(EXERCISE INSTRUCTIONS):
Print each record below character for character.

Data extracted from a collection:
== Segment start ==
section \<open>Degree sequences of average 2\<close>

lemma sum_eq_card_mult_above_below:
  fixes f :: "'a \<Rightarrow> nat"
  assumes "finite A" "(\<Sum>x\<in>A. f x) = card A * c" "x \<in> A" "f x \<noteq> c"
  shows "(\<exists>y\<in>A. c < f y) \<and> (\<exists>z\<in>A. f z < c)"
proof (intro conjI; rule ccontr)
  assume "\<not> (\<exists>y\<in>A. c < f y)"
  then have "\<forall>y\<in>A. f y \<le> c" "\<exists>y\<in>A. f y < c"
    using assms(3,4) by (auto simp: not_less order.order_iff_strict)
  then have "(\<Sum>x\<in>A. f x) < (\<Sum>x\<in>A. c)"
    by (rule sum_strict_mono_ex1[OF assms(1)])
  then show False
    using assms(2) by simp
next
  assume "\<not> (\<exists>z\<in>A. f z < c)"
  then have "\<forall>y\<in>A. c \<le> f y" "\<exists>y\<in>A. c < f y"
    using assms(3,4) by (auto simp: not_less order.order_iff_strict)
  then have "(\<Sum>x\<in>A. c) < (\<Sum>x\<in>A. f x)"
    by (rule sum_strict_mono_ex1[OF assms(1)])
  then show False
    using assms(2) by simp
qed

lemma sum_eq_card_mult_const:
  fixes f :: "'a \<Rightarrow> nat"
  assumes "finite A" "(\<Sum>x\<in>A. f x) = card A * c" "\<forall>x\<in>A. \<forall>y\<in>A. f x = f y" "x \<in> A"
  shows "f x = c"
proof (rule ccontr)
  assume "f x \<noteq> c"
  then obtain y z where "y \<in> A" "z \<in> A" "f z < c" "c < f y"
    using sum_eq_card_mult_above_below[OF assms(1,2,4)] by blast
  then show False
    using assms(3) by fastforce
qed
== Segment end ==
(TASK OUTPUT):
section \<open>Degree sequences of average 2\<close>

lemma sum_eq_card_mult_above_below:
  fixes f :: "'a \<Rightarrow> nat"
  assumes "finite A" "(\<Sum>x\<in>A. f x) = card A * c" "x \<in> A" "f x \<noteq> c"
  shows "(\<exists>y\<in>A. c < f y) \<and> (\<exists>z\<in>A. f z < c)"
proof (intro conjI; rule ccontr)
  assume "\<not> (\<exists>y\<in>A. c < f y)"
  then have "\<forall>y\<in>A. f y \<le> c" "\<exists>y\<in>A. f y < c"
    using assms(3,4) by (auto simp: not_less order.order_iff_strict)
  then have "(\<Sum>x\<in>A. f x) < (\<Sum>x\<in>A. c)"
    by (rule sum_strict_mono_ex1[OF assms(1)])
  then show False
    using assms(2) by simp
next
  assume "\<not> (\<exists>z\<in>A. f z < c)"
  then have "\<forall>y\<in>A. c \<le> f y" "\<exists>y\<in>A. c < f y"
    using assms(3,4) by (auto simp: not_less order.order_iff_strict)
  then have "(\<Sum>x\<in>A. c) < (\<Sum>x\<in>A. f x)"
    by (rule sum_strict_mono_ex1[OF assms(1)])
  then show False
    using assms(2) by simp
qed

lemma sum_eq_card_mult_const:
  fixes f :: "'a \<Rightarrow> nat"
  assumes "finite A" "(\<Sum>x\<in>A. f x) = card A * c" "\<forall>x\<in>A. \<forall>y\<in>A. f x = f y" "x \<in> A"
  shows "f x = c"
proof (rule ccontr)
  assume "f x \<noteq> c"
  then obtain y z where "y \<in> A" "z \<in> A" "f z < c" "c < f y"
    using sum_eq_card_mult_above_below[OF assms(1,2,4)] by blast
  then show False
    using assms(3) by fastforce
qed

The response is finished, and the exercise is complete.